What to produce:
Gather all lines in the entries below that include the word "also".

Data items:
•••

lemma powr_div_LlogL_rate_le:
  assumes "x \<ge> 1" and "r \<ge> 0"
  shows "x powr s / LlogL_rate p \<alpha> x powr r \<le> x powr (s - r * (1 - 1 / p)) * ln (exp 1 + x) powr (- (\<alpha> * r))"
proof -
  define l where "l = ln (exp 1 + x)"
  have "l > 0" unfolding l_def using ln_exp_add_ge_one[of x] assms(1) by simp
  have "(x powr (1 - 1 / p) * l powr \<alpha>) powr r \<le> LlogL_rate p \<alpha> x powr r"
    using LlogL_rate_ge(2)[of x p \<alpha>] assms \<open>l > 0\<close> by (intro powr_mono2) (auto simp: l_def)
  then have "x powr (r * (1 - 1 / p)) * l powr (\<alpha> * r) \<le> LlogL_rate p \<alpha> x powr r"
    using assms \<open>l > 0\<close> by (simp add: powr_mult powr_powr ac_simps)
  then have "x powr s / LlogL_rate p \<alpha> x powr r \<le> x powr s / (x powr (r * (1 - 1 / p)) * l powr (\<alpha> * r))"
    using assms \<open>l > 0\<close> LlogL_rate_ge_one[of x p \<alpha>] by (intro divide_left_mono mult_pos_pos) auto
  also have "\<dots> = x powr (s - r * (1 - 1 / p)) * l powr (- (\<alpha> * r))"
    using assms \<open>l > 0\<close> by (simp add: powr_diff powr_minus divide_simps)
  finally show ?thesis unfolding l_def .
qed

lemma div_LlogL_rate_powr_le:
  fixes x q p \<alpha> :: real
  assumes "x \<ge> 1" and "q > 0"
  shows "(x / LlogL_rate p \<alpha> x) powr (q - 2) * x / (LlogL_rate p \<alpha> x)\<^sup>2
    \<le> x powr ((q - 1) - q * (1 - 1 / p)) * ln (exp 1 + x) powr (- (\<alpha> * q))"
  using powr_div_mult_div_sq_eq[of x "LlogL_rate p \<alpha> x" q] powr_div_LlogL_rate_le[OF assms(1), of q "q - 1" p \<alpha>]
    assms LlogL_rate_ge_one[OF assms(1), of p \<alpha>] by simp

lemma div_LlogL_rate_powr_le_ln:
  assumes "x \<ge> 1" and "p > 0"
  shows "(x / LlogL_rate p \<alpha> x) powr (p - 2) * x / (LlogL_rate p \<alpha> x)\<^sup>2 \<le> ln (exp 1 + x) powr (- (\<alpha> * p))"
  using div_LlogL_rate_powr_le[OF assms, of p \<alpha>] assms by (simp add: field_simps)

lemma ln_exp_add_le_ln_add_div_LlogL_rate:
  assumes "p \<ge> 2" and "\<alpha> \<le> 0" and "c > 1" and "x \<ge> 1"
  shows "ln (exp 1 + x) \<le> p * (1 + 1 / ln c) * ln (c + x / LlogL_rate p \<alpha> x)"
proof -
  define y where "y = x powr (1 / p)"
  have "y = x / x powr (1 - 1 / p)" unfolding y_def using assms by (simp add: powr_diff)
  also have "\<dots> \<le> x / LlogL_rate p \<alpha> x"
    using LlogL_rate_le[OF assms(1,2,4)] LlogL_rate_ge_one[OF assms(4), of p \<alpha>] assms
    by (intro divide_left_mono) auto
  finally have "y \<le> x / LlogL_rate p \<alpha> x" .
  moreover have "0 < c + y" unfolding y_def using assms by (intro add_pos_nonneg) auto
  ultimately have y: "ln (c + y) \<le> ln (c + x / LlogL_rate p \<alpha> x)" by (intro ln_mono) auto
  have "x = y powr p" unfolding y_def using assms by (simp add: powr_powr)
  then have "ln (exp 1 + x) \<le> p * (1 + 1 / ln c) * ln (c + y)"
    using ln_exp_add_powr_le[of c p y] assms by (simp add: y_def)
  also have "\<dots> \<le> p * (1 + 1 / ln c) * ln (c + x / LlogL_rate p \<alpha> x)"
    using y assms by (intro mult_left_mono) auto
  finally show ?thesis .
qed

lemma LlogL_density_le_affine:
  assumes "p > 1" and "c > 1" and "p < 2 \<or> (p \<le> 2 \<and> \<alpha> \<le> 0)"
  shows "\<exists>S\<ge>0. \<forall>t\<ge>0. LlogL_density p \<alpha> c t \<le> S * (1 + t)"
proof (cases "\<alpha> \<le> 0")
  case True
  have "LlogL_density p \<alpha> c t \<le> ln c powr (\<alpha> * p) * (1 + t)" if "t \<ge> 0" for t
  proof -
    have "t powr (p - 1) \<le> 1 + t"
    proof (cases "t \<le> 1")
      case True
      then show ?thesis using \<open>t \<ge> 0\<close> \<open>p > 1\<close> powr_le1[of "p - 1" t] by simp
    next
      case False
      then have "t powr (p - 1) \<le> t powr 1" using assms by (intro powr_mono) auto
      then show ?thesis using False by simp
    qed
    moreover have "ln (c + t) powr (\<alpha> * p) \<le> ln c powr (\<alpha> * p)"
      using True assms that by (intro powr_mono2') (auto simp: mult_nonpos_nonneg)
    ultimately show ?thesis
      unfolding LlogL_density_def by (subst mult.commute) (intro mult_mono; simp)
  qed
  then show ?thesis by (intro exI[of _ "ln c powr (\<alpha> * p)"]) auto
next
  case False
  have "((\<lambda>t. LlogL_density p \<alpha> c t / (1 + t)) \<longlongrightarrow> 0) at_top"
    unfolding LlogL_density_def using assms False by real_asymp
  then have "eventually (\<lambda>t. LlogL_density p \<alpha> c t / (1 + t) < 1) at_top"
    by (rule order_tendstoD) simp
  then obtain U where U: "U \<ge> 0" "\<And>t. t \<ge> U \<Longrightarrow> LlogL_density p \<alpha> c t / (1 + t) < 1"
    unfolding eventually_at_top_linorder by (metis linear order.trans)
  define S where "S = max 1 (LlogL_density p \<alpha> c U)"
  have S: "1 \<le> S" "LlogL_density p \<alpha> c U \<le> S" unfolding S_def by auto
  have S_le: "S \<le> S * (1 + t)" if "t \<ge> 0" for t
    using mult_left_mono[of 1 "1 + t" S] that S by simp
  have "LlogL_density p \<alpha> c t \<le> S * (1 + t)" if "t \<ge> 0" for t
  proof (cases "t \<ge> U")
    case True
    then have "LlogL_density p \<alpha> c t \<le> 1 + t" using U(2)[OF True] that by (simp add: divide_less_eq)
    also have "1 * (1 + t) \<le> S * (1 + t)" using S(1) that by (intro mult_right_mono) auto
    finally show ?thesis by simp
  next
    case below: False
    have "LlogL_density p \<alpha> c t \<le> LlogL_density p \<alpha> c U"
      unfolding LlogL_density_def using that below assms False
      by (intro mult_mono powr_mono2 ln_mono) auto
    also have "\<dots> \<le> S * (1 + t)" using S S_le[OF that] by linarith
    finally show ?thesis .
  qed
  then show ?thesis using S by (intro exI[of _ S]) auto
qed

lemma LlogL_density_le_linear:
  assumes "p \<ge> 2" and "c > 1" and "\<alpha> \<ge> 0" and "0 \<le> t" and "t \<le> M"
  shows "LlogL_density p \<alpha> c t \<le> M powr (p - 2) * ln (c + M) powr (\<alpha> * p) * t"
proof -
  have "t powr (p - 1) \<le> M powr (p - 2) * t" using powr_le_mult_self[of t M "p - 1"] assms by simp
  moreover have "ln (c + t) powr (\<alpha> * p) \<le> ln (c + M) powr (\<alpha> * p)"
    using assms by (intro powr_mono2) auto
  ultimately have "t powr (p - 1) * ln (c + t) powr (\<alpha> * p) \<le> (M powr (p - 2) * t) * ln (c + M) powr (\<alpha> * p)"
    by (rule mult_mono) (use assms in auto)
  then show ?thesis by (simp add: LlogL_density_def ac_simps)
qed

•••

Problem solution:
  also have "\<dots> = x powr (s - r * (1 - 1 / p)) * l powr (- (\<alpha> * r))"
  also have "\<dots> \<le> x / LlogL_rate p \<alpha> x"
  also have "\<dots> \<le> p * (1 + 1 / ln c) * ln (c + x / LlogL_rate p \<alpha> x)"
    also have "1 * (1 + t) \<le> S * (1 + t)" using S(1) that by (intro mult_right_mono) auto
    also have "\<dots> \<le> S * (1 + t)" using S S_le[OF that] by linarith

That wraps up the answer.